# fake blood on walls



## ~Hexxis~ (Jul 31, 2013)

question.... what gets fake blood off of flat white walls? : $

cuz my bathroom looks like a suicide attempt has taken place here.... and that's just from getn costumes ready... was not intentional to repaint my bathroom red... and my landlady/ mother would have a fit if she saw this.... any suggestions for easy clean up that will take it all off ?


----------



## scareme (Aug 29, 2006)

I've never had that problem, so far, but this is what I've found out on the internet.

http://www.families.com/blog/how-to-remove-fake-blood
Walls- depending on the paint, tread lightly, I was able to use plain water for most of it, just don't let it run or you make a bigger mess. The tough spots I mixed baking soda with the water and scrubbed, again, watch your paint.

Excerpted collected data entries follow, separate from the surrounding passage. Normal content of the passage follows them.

(* Let $\mathfrak g$ be an $8$-dimensional real nilpotent Lie algebra with a complex structure $J$ for which there is a basis $\{\omega^1,\omega^2,\omega^3,\omega^4\}$ of $(1,0)$-forms satisfying $d\omega^1=0$, $d\omega^2=\varepsilon\,\omega^{1\bar1}$, $d\omega^3=\omega^{14}+\omega^{1\bar4}+a\,\omega^{2\bar1}+i\delta\varepsilon b\,\omega^{1\bar2}$, $d\omega^4=i\nu\,\omega^{1\bar1}+b\,\omega^{2\bar2}+i\delta(\omega^{1\bar3}-\omega^{3\bar1})$, with $\varepsilon=1$, $\delta\in\{1,-1\}$, $\nu\in\{0,1\}$ and real numbers $a>0$, $b\neq0$. Let $\Theta(\delta,\nu,a,b)=\big((a-b)^2-2\delta\nu b\big)\big((a+b)^2-2\delta\nu b\big)$. Then $E_1^{0,2}(\mathfrak g,J)=E_2^{0,2}(\mathfrak g,J)=\langle[\omega^{\bar1\bar2}],[\omega^{\bar1\bar3}],[\omega^{\bar2\bar4}],[\omega^{\bar3\bar4}]\rangle$, and $$E_2^{0,2}(\mathfrak g,J)\neq E_3^{0,2}(\mathfrak g,J)\iff \Theta(\delta,\nu,a,b)\neq0.$$ Moreover, when $\Theta(\delta,\nu,a,b)\neq0$, one has $E_r^{0,2}(\mathfrak g,J)=\langle[\omega^{\bar1\bar2}],[\omega^{\bar1\bar3}],[\omega^{\bar2\bar4}]\rangle$ for every $r\ge3$.
   Context: Notation: $\omega^{jk}=\omega^j\wedge\omega^k$, $\omega^{j\bar k}=\omega^j\wedge\overline{\omega^k}$, $\omega^{\bar j\bar k}=\overline{\omega^j}\wedge\overline{\omega^k}$. For a Lie algebra $\mathfrak g$ with integrable complex structure $J$, $E_r^{p,q}(\mathfrak g,J)$ is the $r$-th page in bidegree $(p,q)$ of the Frölicher spectral sequence of the double complex $(\Lambda^{*,*}(\mathfrak g,J),\partial,\bar\partial)$ of (complex) forms on $\mathfrak g$ of bidegree $(p,q)$ with respect to $J$, where $d=\partial+\bar\partial$ is the Chevalley–Eilenberg differential; $E_1^{p,q}$ is the $\bar\partial$-cohomology and $d_r$ has bidegree $(r,1-r)$. *)

theory Defs
  imports Complex_Main
begin

text \<open>Concrete model of the complexified Chevalley--Eilenberg complex of the
8-dimensional Lie algebra given by the structure equations.
Generators: index k-1 stands for omega^k (k=1..4), index k+3 stands for the
conjugate form omega^{bar k}.  A (complex) form is a coefficient function on
finite subsets S of {0..<8}; the subset S = {s1<...<sm} represents the monomial
e_{s1} wedge ... wedge e_{sm}.\<close>

type_synonym form = "nat set \<Rightarrow> complex"

definition fzero :: form where "fzero = (\<lambda>_. 0)"
definition fadd :: "form \<Rightarrow> form \<Rightarrow> form" where "fadd \<alpha> \<beta> = (\<lambda>S. \<alpha> S + \<beta> S)"
definition fscale :: "complex \<Rightarrow> form \<Rightarrow> form" where "fscale c \<alpha> = (\<lambda>S. c * \<alpha> S)"

definition mono :: "nat set \<Rightarrow> form" where "mono T = (\<lambda>S. if S = T then 1 else 0)"
definition gen :: "nat \<Rightarrow> form" where "gen i = mono {i}"

text \<open>sign of e_S wedge e_T = wsign S T * e_(S union T) for disjoint S, T\<close>
definition wsign :: "nat set \<Rightarrow> nat set \<Rightarrow> complex" where
  "wsign S T = (-1) ^ card {(s,t). s \<in> S \<and> t \<in> T \<and> t < s}"

definition wedge :: "form \<Rightarrow> form \<Rightarrow> form" where
  "wedge \<alpha> \<beta> = (\<lambda>U. \<Sum>S\<in>Pow U. wsign S (U - S) * \<alpha> S * \<beta> (U - S))"
lemma Pproj_fock_word:
  "Pproj (fock_word (Xop i N al) bs v) =
     sum_list (map (\<lambda>(ds, c). tensor_moment al N (rev bs) (map (\<lambda>d. d i) ds) * c) v)"
proof (induct bs arbitrary: v rule: rev_induct)
  case Nil
  show ?case by (induct v) (auto simp: fock_word_def Pproj_def)
next
  case (snoc b bs)
  let ?w = "\<lambda>(ds, c). tensor_moment al N (rev bs) (map (\<lambda>d. d i) ds) * c"
  have "Pproj (fock_word (Xop i N al) (bs @ [b]) v) =
      Pproj (fock_word (Xop i N al) bs (concat (map (\<lambda>e. apply_op (lam b) (Xop i N al e)) v)))"
    by (simp add: fock_word_def apply_op_apply_op)
  also have "\<dots> = sum_list (map (\<lambda>e. sum_list (map ?w (apply_op (lam b) (Xop i N al e)))) v)"
    by (simp add: snoc sum_list_map_concat o_def)
  also have "\<dots> =
      sum_list (map (\<lambda>(ds, c). tensor_moment al N (rev (bs @ [b])) (map (\<lambda>d. d i) ds) * c) v)"
    by (intro arg_cong[where f = sum_list] map_cong)
      (auto simp: tensor_moment_step simp del: tensor_moment.simps)
  finally show ?case .
qed

lemma fock_moment_eq_tensor_moment: "fock_moment (Xop i N al) bs = tensor_moment al N (rev bs) []"
  by (simp add: fock_moment_def Pproj_fock_word Omega_def)

lemma annihilation_term_mult_left:
  "annihilation_term (\<lambda>hs. c * F hs) \<alpha> n b gs = c * annihilation_term F \<alpha> n b gs"
  by (simp add: annihilation_term_def mult.assoc)

lemma annihilation_term_cong:
  assumes "\<And>hs. length hs \<le> length gs \<Longrightarrow> F hs = G hs" and "n \<le> length gs \<Longrightarrow> \<alpha> = \<beta>"
  shows "annihilation_term F \<alpha> n b gs = annihilation_term G \<beta> n b gs"
  using assms by (simp add: annihilation_term_def)

lemma tensor_moment_singleton:
  "tensor_moment al N [b] gs = (if length gs \<le> N then b * al (length gs) gs else 0)"
proof -
  have "annihilation_term (tensor_moment al N []) (al n) n b gs =
      (if n = length gs then b * al (length gs) gs else 0)" for n
    by (simp add: annihilation_term_def)
  then show ?thesis by (simp add: sum.delta)
qed

lemma tensor_moment_snoc:
  "tensor_moment al N (rs @ [b]) gs = b * tensor_moment al N (rs @ [1]) gs"
proof (induct rs arbitrary: gs)
  case Nil
  show ?case by (simp add: tensor_moment_singleton del: tensor_moment.simps)
next
  case (Cons r rs)
  have "tensor_moment al N (rs @ [b]) = (\<lambda>hs. b * tensor_moment al N (rs @ [1]) hs)"
    using Cons by blast
  then show ?case
    by (simp add: Cons annihilation_term_mult_left distrib_left sum_distrib_left)
qed

lemma tensor_moment_cong:
  "(\<And>j. j < length rs + length gs \<Longrightarrow> al j = be j) \<Longrightarrow>
   tensor_moment al N rs gs = tensor_moment be N rs gs"
proof (induct rs arbitrary: gs)
  case Nil
  show ?case by simp
next
  case (Cons b rs)
  have "tensor_moment al N rs hs = tensor_moment be N rs hs" if "length hs \<le> Suc (length gs)" for hs
    using Cons that by simp
  moreover have "al n = be n" if "n \<le> length gs" for n
    using Cons.prems that by simp
  ultimately show ?case
    by (auto intro!: sum.cong annihilation_term_cong)
qed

http://www.stevespanglerscience.com/lab/experiments/fake-blood-recipes
Since the main color agent is a food-grade coloring, these fake blood recipes will likely stain anything and everything! Your hands will be a red mess at the end of your mad scientist mixing session, but don't worry. Mix up a small batch of OxiClean® and use it to wash your hands, your clothes and your friends' clothes. It does a great job of washing the stain right out. - See more at: http://www.stevespanglerscience.com/lab/experiments/fake-blood-recipes#sthash.aJRWFYXd.dpuf

As I said, I haven't tried this myself. Is there anyone out there that has had any experience with this?


----------



## fontgeek (Jul 24, 2006)

First, wear gloves rather than doing it bare handed.
Second, keep plenty of clean sponges and buckets of clean water handy, as it was already stated, it can get quite messy.
Third, try the Oxiclean mixture, if that doesn't work you might try using some TSP mixed into water. You will probably end up with some staining, but getting the bulk of it off should make it fairly easy to repaint the room if needed.


----------



## goneferal (Sep 8, 2010)

Trisodium phosphate. Wear gloves and eye protection.


----------